TASK DIRECTIONS:
Starting from the line in which "P S \<longleftrightarrow>" appears, output every line down to the last line of the data below, exactly and without anything more.

Dataset entries
lemma subset_convex_hull_opposite_vertices:
  assumes "finite S" and "s0 \<in> S" and span: "span (\<alpha> ` (S - {s0})) = L"
    and S: "S \<subseteq> {C. C facet_of P}"
    and tight: "\<And>s t. s \<in> S \<Longrightarrow> t \<in> S \<Longrightarrow> t \<noteq> s \<Longrightarrow> slack t (v s) = 0"
    and loose: "\<And>s. s \<in> S \<Longrightarrow> 0 < slack s (v s)"
    and v: "\<And>s. s \<in> S \<Longrightarrow> v s \<in> P"
  shows "P \<subseteq> convex hull (v ` S)"
proof
  fix x assume "x \<in> P"
  define \<mu> where "\<mu> s = slack s x / slack s (v s)" for s
  have \<mu>_nonneg: "0 \<le> \<mu> s" if "s \<in> S" for s
    using slack_nonneg[OF \<open>x \<in> P\<close>] loose[OF that] S that by (auto simp: \<mu>_def)
  have \<mu>_sum: "sum \<mu> S = 1"
    unfolding \<mu>_def by (rule sum_normalized_slacks[OF assms(1-6)])
  define z where "z = (\<Sum>s\<in>S. \<mu> s *\<^sub>R v s)"
  have z_hull: "z \<in> convex hull (v ` S)"
    unfolding z_def using \<open>finite S\<close> \<mu>_nonneg \<mu>_sum
    by (intro convex_sum convex_convex_hull) (auto intro: hull_inc)
  have "convex hull (v ` S) \<subseteq> P"
    using v polytope_imp_convex[OF polytope] by (intro hull_minimal) auto
  with z_hull have "z \<in> P"
    by blast
  have "slack t z = slack t x" if "t \<in> S" for t
  proof -
    have "slack t z = (\<Sum>s\<in>S. \<mu> s * slack t (v s))"
      unfolding z_def by (rule slack_convex_combination[OF \<mu>_sum])
    also have "\<dots> = \<mu> t * slack t (v t) + (\<Sum>s\<in>S - {t}. \<mu> s * slack t (v s))"
      using sum.remove[OF \<open>finite S\<close> that] by simp
    also have "(\<Sum>s\<in>S - {t}. \<mu> s * slack t (v s)) = 0"
      using tight that by (intro sum.neutral) auto
    also have "\<mu> t * slack t (v t) + 0 = slack t x"
      using loose[OF that] by (simp add: \<mu>_def)
    finally show ?thesis .
  qed
  then have "w \<bullet> x = w \<bullet> z" if "w \<in> \<alpha> ` (S - {s0})" for w
    using that by (auto simp: slack_def)
  then have "x = z"
    using \<open>x \<in> P\<close> \<open>z \<in> P\<close> by (intro eq_if_inner_eq_on_spanning[OF span]) (auto intro: hull_inc)
  with z_hull show "x \<in> convex hull (v ` S)"
    by simp
qed

end

section \<open>Simple polytopes\<close>

lemma independent_facets_Inter_empty_iff:
  assumes "P \<inter> \<Inter>S = {}"
  shows "independent_facets P S \<longleftrightarrow> S \<subseteq> facets P \<and> (\<forall>s\<in>S. P \<inter> \<Inter>(S - {s}) \<noteq> {})"
  using assms by (auto simp: independent_facets_def)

EXPECTED ANSWER:
  shows "independent_facets P S \<longleftrightarrow> S \<subseteq> facets P \<and> (\<forall>s\<in>S. P \<inter> \<Inter>(S - {s}) \<noteq> {})"
  using assms by (auto simp: independent_facets_def)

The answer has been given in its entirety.